[[ Task material open ]]

(* For a compact Hausdorff space $(X,\tau)$ the following are equivalent: (1) $X$ has the property $\textsf{S}_1(\mathcal{O},\mathcal{O})$; (2) TWO has a winning strategy in the game ${\sf G}_1(\mathcal{O},\mathcal{O})$.
   Context: $\mathcal{O}$: open covers of $X$. $\textsf{S}_1(\mathcal{O},\mathcal{O})$: for every sequence $(\mathcal{U}_n)$ of open covers there are $U_n\in\mathcal{U}_n$ with $\{U_n:n\in\mathbb{N}\}$ covering $X$. Game ${\sf G}_1(\mathcal{O},\mathcal{O})$: in inning $n\in\mathbb{N}$ ONE chooses an open cover $O_n$ of $X$, TWO responds with $T_n\in O_n$; TWO wins if $\{T_n:n\in\mathbb{N}\}$ covers $X$, otherwise ONE wins. *)

theory Defs
  imports "HOL-Analysis.Analysis"
begin

definition open_cover :: "'a topology \<Rightarrow> 'a set set \<Rightarrow> bool" where
  "open_cover X \<U> \<longleftrightarrow> (\<forall>U\<in>\<U>. openin X U) \<and> \<Union>\<U> = topspace X"

definition S1_OO :: "'a topology \<Rightarrow> bool" where
  "S1_OO X \<longleftrightarrow>
     (\<forall>\<U> :: nat \<Rightarrow> 'a set set. (\<forall>n. open_cover X (\<U> n)) \<longrightarrow>
        (\<exists>U :: nat \<Rightarrow> 'a set. (\<forall>n. U n \<in> \<U> n) \<and> topspace X \<subseteq> (\<Union>n. U n)))"

text \<open>A strategy for TWO in G_1(O,O): given the finite list of covers played by ONE so far
  (the last one being the current move), TWO chooses a member of the current cover.\<close>
definition TWO_strategy_G1_OO :: "'a topology \<Rightarrow> ('a set set list \<Rightarrow> 'a set) \<Rightarrow> bool" where
  "TWO_strategy_G1_OO X \<sigma> \<longleftrightarrow>
     (\<forall>s C0. (\<forall>C\<in>set s. open_cover X C) \<longrightarrow> open_cover X C0 \<longrightarrow> \<sigma> (s @ [C0]) \<in> C0)"

definition TWO_winning_G1_OO :: "'a topology \<Rightarrow> ('a set set list \<Rightarrow> 'a set) \<Rightarrow> bool" where
  "TWO_winning_G1_OO X \<sigma> \<longleftrightarrow> TWO_strategy_G1_OO X \<sigma> \<and>
     (\<forall>\<O> :: nat \<Rightarrow> 'a set set. (\<forall>n. open_cover X (\<O> n)) \<longrightarrow>
        topspace X \<subseteq> (\<Union>n. \<sigma> (map \<O> [0..<Suc n])))"

definition TWO_has_winning_strategy_G1_OO :: "'a topology \<Rightarrow> bool" where
  "TWO_has_winning_strategy_G1_OO X \<longleftrightarrow> (\<exists>\<sigma>. TWO_winning_G1_OO X \<sigma>)"

end

theory Submission
  imports Defs
begin

text \<open>K is G1-coverable when TWO can cover K in finitely many innings whatever ONE plays:
  K is empty, or against every cover TWO can pick a member leaving a G1-coverable rest; this
  well-founded recursion is a strategy. If the whole space is not G1-coverable, compactness shows
  that the points without a G1-coverable neighbourhood form a nonempty set without isolated
  points, and in a compact Hausdorff space such a set carries a Cantor scheme of open sets with
  disjoint closures. In inning n ONE then plays the cover by the complements of the closures of
  one child of each node of level n: the selected sets single out a branch, and the nonempty
  intersection of the closures along it is missed by every selected set.\<close>

inductive G1_coverable :: "'a topology \<Rightarrow> 'a set \<Rightarrow> bool" for X where
  G1_coverable_empty: "G1_coverable X {}"
| G1_coverable_step: "(\<And>C. open_cover X C \<Longrightarrow> \<exists>U\<in>C. G1_coverable X (K - U)) \<Longrightarrow> G1_coverable X K"
(* Let $\alpha,\beta>0$, $X\sim\mathsf{Beta}(\alpha,\beta)$ and $\mu_d=\mathbf{E}[(X-\mathbf{E}[X])^d]$ for integers $d\ge 0$ (so $\mu_0=1$, $\mu_1=0$). Then for every integer $d\ge 2$, $$\mu_d=\frac{(d-1)(\beta-\alpha)}{(\alpha+\beta)(\alpha+\beta+d-1)}\,\mu_{d-1}+\frac{(d-1)\alpha\beta}{(\alpha+\beta)^2(\alpha+\beta+d-1)}\,\mu_{d-2}.$$
   Context: $\mathsf{Beta}(\alpha,\beta)$ denotes the distribution on $[0,1]$ with density proportional to $x^{\alpha-1}(1-x)^{\beta-1}$. *)

theory Defs
  imports "HOL-Probability.Probability"
begin

definition beta_density :: "real \<Rightarrow> real \<Rightarrow> real \<Rightarrow> real" where
  "beta_density a b x =
     (if 0 < x \<and> x < 1 then x powr (a - 1) * (1 - x) powr (b - 1) / Beta a b else 0)"

end

theory Submission
  imports Defs "HOL-Computational_Algebra.Polynomial"
begin

text \<open>The raw moments \<open>m\<^sub>k = E[X\<^sup>k] = B(\<alpha>+k,\<beta>)/B(\<alpha>,\<beta>)\<close> satisfy
  \<open>(\<alpha>+\<beta>+k) m\<^sub>k\<^sub>+\<^sub>1 = (\<alpha>+k) m\<^sub>k\<close>. By linearity this is the Stein identity
  \<open>E[p'(X) X(1-X)] = E[p(X) ((\<alpha>+\<beta>)X - \<alpha>)]\<close> for every polynomial \<open>p\<close>. Taking
  \<open>p = (x - E[X])\<^sup>d\<^sup>-\<^sup>1\<close> and expanding \<open>x(1-x)\<close> around the mean turns the
  Stein identity into the three-term recurrence for the central moments.\<close>

lemma Beta_real_pos: "a > 0 \<Longrightarrow> b > 0 \<Longrightarrow> Beta a b > (0::real)"
  unfolding Beta_def by simp

lemma beta_density_nonneg: "a > 0 \<Longrightarrow> b > 0 \<Longrightarrow> beta_density a b x \<ge> 0"
  unfolding beta_density_def using Beta_real_pos[of a b] by auto

lemma nn_integral_beta_density_power:
  assumes a: "a > 0" and b: "b > 0"
  shows "(\<integral>\<^sup>+x. ennreal (beta_density a b x * x ^ k) \<partial>lborel) = ennreal (Beta (a + k) b / Beta a b)"
proof -
  define h where "h x = x powr (a + k - 1) * (1 - x) powr (b - 1) / Beta a b" for x
  have "((\<lambda>x. x powr (a + k - 1) * (1 - x) powr (b - 1)) has_integral Beta (a + k) b) {0<..<1}"
    using has_integral_Beta_real[of "a + k" b] a b by (simp add: has_integral_Icc_iff_Ioo)
  then have h_integral: "(h has_integral Beta (a + k) b / Beta a b) {0<..<1}"
    unfolding h_def by (rule has_integral_divide)
  have "beta_density a b x * x ^ k = h x * indicator {0<..<1} x" for x
  proof (cases "0 < x \<and> x < 1")
    case True
    then have "x powr (a - 1) * x ^ k = x powr (a + k - 1)"
      by (simp add: powr_realpow[symmetric] powr_add[symmetric] algebra_simps)
    with True show ?thesis
      unfolding beta_density_def h_def by (simp add: field_simps)
  qed (auto simp: beta_density_def)
  then have "(\<integral>\<^sup>+x. ennreal (beta_density a b x * x ^ k) \<partial>lborel)
      = (\<integral>\<^sup>+x. ennreal (h x) * indicator {0<..<1} x \<partial>lborel)"
    by (intro nn_integral_cong) (simp add: indicator_def)
  also have "\<dots> = ennreal (Beta (a + k) b / Beta a b)"
    by (rule nn_integral_has_integral_lebesgue'[OF _ h_integral])
       (use Beta_real_pos[OF a b] in \<open>auto simp: h_def\<close>)
  finally show ?thesis .
qed

lemma has_bochner_integral_beta_density_power:
  assumes a: "a > 0" and b: "b > 0"
  shows "has_bochner_integral lborel (\<lambda>x. beta_density a b x * x ^ k) (Beta (a + k) b / Beta a b)"
proof -
  have nonneg: "0 \<le> beta_density a b x * x ^ k" for x
    using beta_density_nonneg[OF a b, of x] by (cases "0 < x") (auto simp: beta_density_def)
  have "beta_density a b \<in> borel_measurable lborel"
    unfolding beta_density_def by measurable
  then show ?thesis
    using nonneg nn_integral_beta_density_power[OF a b, of k]
      Beta_real_pos[OF a b] Beta_real_pos[of "a + k" b] a b
    by (intro has_bochner_integral_nn_integral) auto
qed

definition stein_operator :: "real \<Rightarrow> real \<Rightarrow> real poly \<Rightarrow> real poly" where
  "stein_operator a b p = pderiv p * [:0, 1, -1:] - p * [:-a, a + b:]"

lemma stein_operator_add: "stein_operator a b (p + q) = stein_operator a b p + stein_operator a b q"
  unfolding stein_operator_def pderiv_add by algebra

lemma poly_stein_operator_monom:
  "poly (stein_operator a b (monom c i)) x = (a + i) * c * x ^ i - (a + b + i) * c * x ^ Suc i"
  by (cases i) (simp_all add: stein_operator_def pderiv_monom poly_monom algebra_simps)

lemma poly_stein_operator_power:
  assumes "(a + b) * m = a"
  shows "poly (stein_operator a b ([:-m, 1:] ^ Suc n)) x =
    (real n + 1) * (m * (1 - m)) * (x - m) ^ n + (real n + 1) * (1 - 2 * m) * (x - m) ^ Suc n
      - (a + b + real n + 1) * (x - m) ^ Suc (Suc n)"
proof -
  have "poly (stein_operator a b ([:-m, 1:] ^ Suc n)) x
      = (real n + 1) * (x - m) ^ n * (x - x * x) - (x - m) ^ Suc n * ((a + b) * x - a)"
  proof -
    have "pderiv [:-m, 1:] = 1"
      by (simp add: pderiv_pCons)
    then have "pderiv ([:-m, 1:] ^ Suc n) = smult (real n + 1) ([:-m, 1:] ^ n)"
      by (simp only: pderiv_power_Suc mult_1_right) (simp add: add.commute)
    then show ?thesis
      by (simp add: stein_operator_def poly_power algebra_simps)
  qed
  also have "x - x * x = m * (1 - m) + (1 - 2 * m) * (x - m) - (x - m) * (x - m)"
    by (simp add: algebra_simps)
  also have "(a + b) * x - a = (a + b) * (x - m)"
    using assms by (simp add: algebra_simps)
  finally show ?thesis by (simp add: algebra_simps)
qed

locale beta_random_variable = prob_space M for M :: "'s measure" +
  fixes X :: "'s \<Rightarrow> real" and a b :: real
  assumes a_pos: "a > 0" and b_pos: "b > 0"
    and distributed_beta: "distributed M lborel X (\<lambda>x. ennreal (beta_density a b x))"
begin

definition moment :: "nat \<Rightarrow> real" where
  "moment k = Beta (a + k) b / Beta a b"

lemma
  shows integrable_power: "integrable M (\<lambda>\<omega>. X \<omega> ^ k)"
    and expectation_power: "expectation (\<lambda>\<omega>. X \<omega> ^ k) = moment k"
  using has_bochner_integral_beta_density_power[OF a_pos b_pos, of k]
    distributed_integrable[OF distributed_beta, of "\<lambda>x. x ^ k"]
    distributed_integral[OF distributed_beta, of "\<lambda>x. x ^ k"]
    beta_density_nonneg[OF a_pos b_pos]
  by (auto simp: has_bochner_integral_iff moment_def)

lemma moment_0: "moment 0 = 1"
  using Beta_real_pos[OF a_pos b_pos] by (simp add: moment_def)

lemma moment_Suc: "(a + b + k) * moment (Suc k) = (a + k) * moment k"
proof -
  have "(a + k + b) * Beta (a + k + 1) b = (a + k) * Beta (a + k) b"
    by (rule Beta_plus1_left) (use a_pos in \<open>auto elim!: nonpos_Ints_cases\<close>)
  then show ?thesis
    by (simp add: moment_def algebra_simps add_divide_distrib)
qed

lemma expectation_X: "expectation X = a / (a + b)"
  using moment_Suc[of 0] moment_0 expectation_power[of 1] a_pos b_pos
  by (simp add: field_simps)

lemma integrable_poly: "integrable M (\<lambda>\<omega>. poly p (X \<omega>))"
  unfolding poly_altdef by (intro Bochner_Integration.integrable_sum integrable_mult_right integrable_power)

lemma integrable_central_power: "integrable M (\<lambda>\<omega>. (X \<omega> - c) ^ k)"
  using integrable_poly[of "[:-c, 1:] ^ k"] by (simp add: poly_power)

lemma expectation_stein_operator_monom:
  "expectation (\<lambda>\<omega>. poly (stein_operator a b (monom c i)) (X \<omega>)) = 0"
proof -
  have "expectation (\<lambda>\<omega>. poly (stein_operator a b (monom c i)) (X \<omega>))
      = (a + i) * c * moment i - (a + b + i) * c * moment (Suc i)"
    unfolding poly_stein_operator_monom
    by (simp only: Bochner_Integration.integral_diff integrable_mult_right integrable_power
        integral_mult_right_zero expectation_power)
  also have "\<dots> = c * ((a + i) * moment i - (a + b + i) * moment (Suc i))"
    by (simp add: algebra_simps)
  finally show ?thesis
    using moment_Suc[of i] by simp
qed

lemma expectation_stein_operator:
  "expectation (\<lambda>\<omega>. poly (stein_operator a b p) (X \<omega>)) = 0"
proof -
  have "expectation (\<lambda>\<omega>. poly (stein_operator a b (\<Sum>i\<in>A. monom (coeff p i) i)) (X \<omega>)) = 0"
    if "finite A" for A
    using that
  proof (induction A rule: finite_induct)
    case (insert i A)
    then show ?case
      using integrable_poly expectation_stein_operator_monom
      by (simp add: stein_operator_add)
  qed (simp add: stein_operator_def)
  from this[of "{..degree p}"] show ?thesis
    by (simp add: poly_as_sum_of_monoms)
qed

lemma central_moment_recurrence:
  defines "m \<equiv> expectation X"
  defines "\<mu> \<equiv> \<lambda>j. expectation (\<lambda>\<omega>. (X \<omega> - m) ^ j)"
  shows "(a + b + real n + 1) * \<mu> (Suc (Suc n))
    = (real n + 1) * (1 - 2 * m) * \<mu> (Suc n) + (real n + 1) * (m * (1 - m)) * \<mu> n"
proof -
  have mean: "(a + b) * m = a"
    using expectation_X a_pos b_pos unfolding m_def by (simp add: field_simps)
  have "(real n + 1) * (m * (1 - m)) * \<mu> n + (real n + 1) * (1 - 2 * m) * \<mu> (Suc n)
      - (a + b + real n + 1) * \<mu> (Suc (Suc n))
    = expectation (\<lambda>\<omega>. (real n + 1) * (m * (1 - m)) * (X \<omega> - m) ^ n
      + (real n + 1) * (1 - 2 * m) * (X \<omega> - m) ^ Suc n - (a + b + real n + 1) * (X \<omega> - m) ^ Suc (Suc n))"
    unfolding \<mu>_def
    by (simp only: Bochner_Integration.integral_diff Bochner_Integration.integral_add
        Bochner_Integration.integrable_add Bochner_Integration.integrable_diff
        integrable_mult_right integrable_central_power integral_mult_right_zero)
  also have "\<dots> = 0"
    using expectation_stein_operator[of "[:-m, 1:] ^ Suc n"]
    unfolding poly_stein_operator_power[OF mean] .
  finally show ?thesis by simp
qed

end

theorem theorem3:
  fixes M :: "'s measure" and X :: "'s \<Rightarrow> real" and \<alpha> \<beta> :: real and \<mu> :: "nat \<Rightarrow> real"
  assumes "prob_space M"
    and "\<alpha> > 0" and "\<beta> > 0"
    and "distributed M lborel X (\<lambda>x. ennreal (beta_density \<alpha> \<beta> x))"
    and "\<And>d. \<mu> d = prob_space.expectation M (\<lambda>\<omega>. (X \<omega> - prob_space.expectation M X) ^ d)"
    and "d \<ge> 2"
  shows "\<mu> d = real (d - 1) * (\<beta> - \<alpha>) / ((\<alpha> + \<beta>) * (\<alpha> + \<beta> + real d - 1)) * \<mu> (d - 1)
             + real (d - 1) * \<alpha> * \<beta> / ((\<alpha> + \<beta>)^2 * (\<alpha> + \<beta> + real d - 1)) * \<mu> (d - 2)"
proof -
  interpret beta_random_variable M X \<alpha> \<beta>
    using assms(1-4) by (simp add: beta_random_variable_def beta_random_variable_axioms_def)
  obtain n where d: "d = Suc (Suc n)"
    using \<open>d \<ge> 2\<close> by (metis add_2_eq_Suc le_Suc_ex)
  have pos: "\<alpha> + \<beta> > 0" "\<alpha> + \<beta> + real d - 1 > 0"
    using \<open>\<alpha> > 0\<close> \<open>\<beta> > 0\<close> \<open>d \<ge> 2\<close> by simp_all
  have "1 - 2 * expectation X = (\<beta> - \<alpha>) / (\<alpha> + \<beta>)"
    "expectation X * (1 - expectation X) = \<alpha> * \<beta> / (\<alpha> + \<beta>)\<^sup>2"
    using pos unfolding expectation_X by (simp_all add: field_simps power2_eq_square)
  with central_moment_recurrence[of n]
  have recurrence: "(\<alpha> + \<beta> + real d - 1) * \<mu> d
      = real (d - 1) * ((\<beta> - \<alpha>) / (\<alpha> + \<beta>)) * \<mu> (d - 1)
        + real (d - 1) * (\<alpha> * \<beta> / (\<alpha> + \<beta>)\<^sup>2) * \<mu> (d - 2)"
    unfolding assms(5)[symmetric] d by (simp add: add_ac)
  have solve: "w = N * D / (S * T) * u + N * E / (S\<^sup>2 * T) * v"
    if "S \<noteq> 0" "T \<noteq> 0" "T * w = N * (D / S) * u + N * (E / S\<^sup>2) * v" for S T N D E u v w :: real
    using that by (simp add: field_simps)
  show ?thesis
    using solve[OF _ _ recurrence] pos by (simp add: mult.assoc)
qed

end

[[ Task material closed ]]

◆ **Problem to work on**
Nothing but the lines from the start of the data through the line holding "(\<forall>s C0. (\<forall>C\<in>set" should be restated, and each one exactly.

◆ **Answer to this problem**
(* For a compact Hausdorff space $(X,\tau)$ the following are equivalent: (1) $X$ has the property $\textsf{S}_1(\mathcal{O},\mathcal{O})$; (2) TWO has a winning strategy in the game ${\sf G}_1(\mathcal{O},\mathcal{O})$.
   Context: $\mathcal{O}$: open covers of $X$. $\textsf{S}_1(\mathcal{O},\mathcal{O})$: for every sequence $(\mathcal{U}_n)$ of open covers there are $U_n\in\mathcal{U}_n$ with $\{U_n:n\in\mathbb{N}\}$ covering $X$. Game ${\sf G}_1(\mathcal{O},\mathcal{O})$: in inning $n\in\mathbb{N}$ ONE chooses an open cover $O_n$ of $X$, TWO responds with $T_n\in O_n$; TWO wins if $\{T_n:n\in\mathbb{N}\}$ covers $X$, otherwise ONE wins. *)

theory Defs
  imports "HOL-Analysis.Analysis"
begin

definition open_cover :: "'a topology \<Rightarrow> 'a set set \<Rightarrow> bool" where
  "open_cover X \<U> \<longleftrightarrow> (\<forall>U\<in>\<U>. openin X U) \<and> \<Union>\<U> = topspace X"

definition S1_OO :: "'a topology \<Rightarrow> bool" where
  "S1_OO X \<longleftrightarrow>
     (\<forall>\<U> :: nat \<Rightarrow> 'a set set. (\<forall>n. open_cover X (\<U> n)) \<longrightarrow>
        (\<exists>U :: nat \<Rightarrow> 'a set. (\<forall>n. U n \<in> \<U> n) \<and> topspace X \<subseteq> (\<Union>n. U n)))"

text \<open>A strategy for TWO in G_1(O,O): given the finite list of covers played by ONE so far
  (the last one being the current move), TWO chooses a member of the current cover.\<close>
definition TWO_strategy_G1_OO :: "'a topology \<Rightarrow> ('a set set list \<Rightarrow> 'a set) \<Rightarrow> bool" where
  "TWO_strategy_G1_OO X \<sigma> \<longleftrightarrow>
     (\<forall>s C0. (\<forall>C\<in>set s. open_cover X C) \<longrightarrow> open_cover X C0 \<longrightarrow> \<sigma> (s @ [C0]) \<in> C0)"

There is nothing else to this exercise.